Ich würde doch sagen, daß es schon einen kleinen Unterschied macht.
Ich meinte eher "Der Satz 'Dieser Satz enthält 30 Zeichen' enthält 30 Zeichen" == satz_enthält_30_zeichen("Dieser Satz enthält 30 Zeichen")
Die Aussage "Der Satz 'abc def ghi jkl mno pqr stu vw' enthält 30 Zeichen" ist ja wieder eine ganz andere, obgleich auch wahr.
Und es ist sicher Haarspalterei, aber man könnte auch sagen, der Satz "Dieser Satz enthält 30 Zeichen" meint den Satz "Dieser Satz enthält 30 Zeichen", die Reflexion "dieser" in der deutschen Sprache ist ja nur ein relativer Verweis.

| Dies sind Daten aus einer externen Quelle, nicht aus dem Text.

lemma basic_compl: "Ul - basic a = basic (- a)"
  unfolding basic_def by (auto simp: Ul_compl_iff)

lemma basic_top: "basic top = Ul"
  unfolding basic_def using Ul_top by blast

lemma basic_bot: "basic bot = {}"
  unfolding basic_def using Ul_bot by blast

lemma topspace_stone_top: "topspace stone_top = Ul"
proof -
  have "u \<in> {v \<in> Ul. top \<in> v}" if "u \<in> Ul" for u
    using that Ul_top by blast
  then show ?thesis
    unfolding stone_top_def topology_generated_by_topspace by blast
qed

lemma openin_basic: "openin stone_top (basic a)"
  unfolding stone_top_def basic_def by (rule topology_generated_by_Basis) blast

lemma closedin_basic: "closedin stone_top (basic a)"
  unfolding closedin_def topspace_stone_top basic_compl
  using openin_basic by (simp add: basic_def)

lemma closedin_phi: "closedin stone_top (phi G)"
proof -
  have "Ul - phi G = (\<Union>g\<in>G. basic (- g))"
    unfolding phi_def basic_def by (auto simp: Ul_compl_iff)
  then show ?thesis
    unfolding closedin_def topspace_stone_top phi_def using openin_basic by auto
qed

lemma phi_upclosure_singleton: "phi (upclosure {a}) = basic a"
  unfolding phi_def basic_def upclosure_def using Ul_upclosed by blast

lemma mem_if_phi_subset_basic:
  assumes "bfilter G" "phi G \<subseteq> basic a"
  shows "a \<in> G"
proof (rule ccontr)
  assume "a \<notin> G"
  then obtain u where "u \<in> Ul" "G \<subseteq> u" "a \<notin> u"
    using exists_Ul_superset_not_mem[OF assms(1)] by blast
  then show False
    using assms(2) unfolding phi_def basic_def by blast
qed
section \<open>Support functions of the constraint sets\<close>

lemma support_fun_convex:
  fixes B :: "(real^'n) set"
  assumes ne: "B \<noteq> {}" and bd: "bounded B"
  shows "convex_on UNIV (support_fun B)"
proof
  obtain R where R: "\<forall>x\<in>B. norm x \<le> R"
    using bd unfolding bounded_iff by blast
  have bdd: "bdd_above ((\<lambda>x. y \<bullet> x) ` B)" for y
  proof (rule bdd_aboveI2)
    fix x assume "x \<in> B"
    have "y \<bullet> x \<le> norm y * norm x" by (rule norm_cauchy_schwarz)
    also have "\<dots> \<le> norm y * R" using R \<open>x \<in> B\<close> by (simp add: mult_left_mono)
    finally show "y \<bullet> x \<le> norm y * R" .
  qed
  fix t :: real and y1 y2 :: "real^'n"
  assume t: "0 < t" "t < 1"
  show "support_fun B ((1 - t) *\<^sub>R y1 + t *\<^sub>R y2) \<le> (1 - t) * support_fun B y1 + t * support_fun B y2"
    unfolding support_fun_def
  proof (rule cSUP_least[OF ne])
    fix x assume x: "x \<in> B"
    have "((1 - t) *\<^sub>R y1 + t *\<^sub>R y2) \<bullet> x = (1 - t) * (y1 \<bullet> x) + t * (y2 \<bullet> x)"
      by (simp add: inner_add_left)
    also have "\<dots> \<le> (1 - t) * (SUP x\<in>B. y1 \<bullet> x) + t * (SUP x\<in>B. y2 \<bullet> x)"
      using t by (intro add_mono mult_left_mono cSUP_upper[OF x bdd]) auto
    finally show "((1 - t) *\<^sub>R y1 + t *\<^sub>R y2) \<bullet> x \<le> (1 - t) * (SUP x\<in>B. y1 \<bullet> x) + t * (SUP x\<in>B. y2 \<bullet> x)" .
  qed
qed simp

lemma C_set_nonempty: "0 < delta \<Longrightarrow> C_set D delta \<noteq> {}"
  unfolding C_set_def by (auto intro: exI[of _ 0])

lemma C_set_bounded:
  assumes "spd D"
  shows "bounded (C_set D delta)"
proof -
  obtain c where c: "c > 0" "\<forall>x. c * (norm x)\<^sup>2 \<le> gnorm2 D x"
    using spd_coercive[OF assms] by blast
  have "norm z \<le> sqrt (delta / c)" if "z \<in> C_set D delta" for z
  proof (rule real_le_rsqrt)
    have "c * (norm z)\<^sup>2 \<le> delta"
      using c(2) that unfolding C_set_def gnorm2_def by (meson mem_Collect_eq order_trans)
    then show "(norm z)\<^sup>2 \<le> delta / c"
      using c(1) by (simp add: field_simps)
  qed
  then show ?thesis
    unfolding bounded_iff by blast
qed

lemma S_box_nonempty: "a \<le> b \<Longrightarrow> S_box a b \<noteq> {}"
  unfolding S_box_def by (auto intro: exI[of _ "\<chi> i. a"])

lemma S_box_bounded: "bounded (S_box a b :: (real^'n) set)"
proof -
  have "norm z \<le> (\<Sum>i\<in>(UNIV::'n set). \<bar>a\<bar> + \<bar>b\<bar>)" if z: "z \<in> S_box a b" for z :: "real^'n"
  proof -
    have "norm z \<le> (\<Sum>i\<in>UNIV. \<bar>z $ i\<bar>)"
      by (rule norm_le_l1_cart)
    also have "\<dots> \<le> (\<Sum>i\<in>(UNIV::'n set). \<bar>a\<bar> + \<bar>b\<bar>)"
      using z unfolding S_box_def by (intro sum_mono) (smt (verit) mem_Collect_eq)
    finally show ?thesis .
  qed
  then show ?thesis
    unfolding bounded_iff by blast
qed

section \<open>Perturbed minimizers and the three-point inequality\<close>

definition perturbed_argmin :: "('a::real_inner \<Rightarrow> real) \<Rightarrow> 'a \<Rightarrow> 'a \<Rightarrow> bool" where
  "perturbed_argmin \<phi> d x \<longleftrightarrow> (\<forall>q. \<phi> x - d \<bullet> x \<le> \<phi> q - d \<bullet> q)"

Beispiel: Frau Merkel sagt: "Ich bin Bundeskanzlerin von Deutschland". Diese Aussage ist richtig. Deswegen kann sie doch nicht falsch werden, wenn sie von einem anderen gesagt wird. Der Fehler, der aber eventuell gemacht wird, ist aber, dass andere Personen nicht in der Lage sind, in der Aussage "ich" zu verwenden, das ein relatives Bezugswort ist, welches sich in der originalen Aussage auf Merkel bezieht. Wenn also Tante Emma sagt "Ich bin Bundeskanzlerin von Deutschland", ist das eine andere Aussage. Die korrekte Variante wäre "Angela Merkel ist Bundeskanzlerin von Deutschland" und diese ist mit der ursprünglichen Aussage von Angela Merken äquivalent.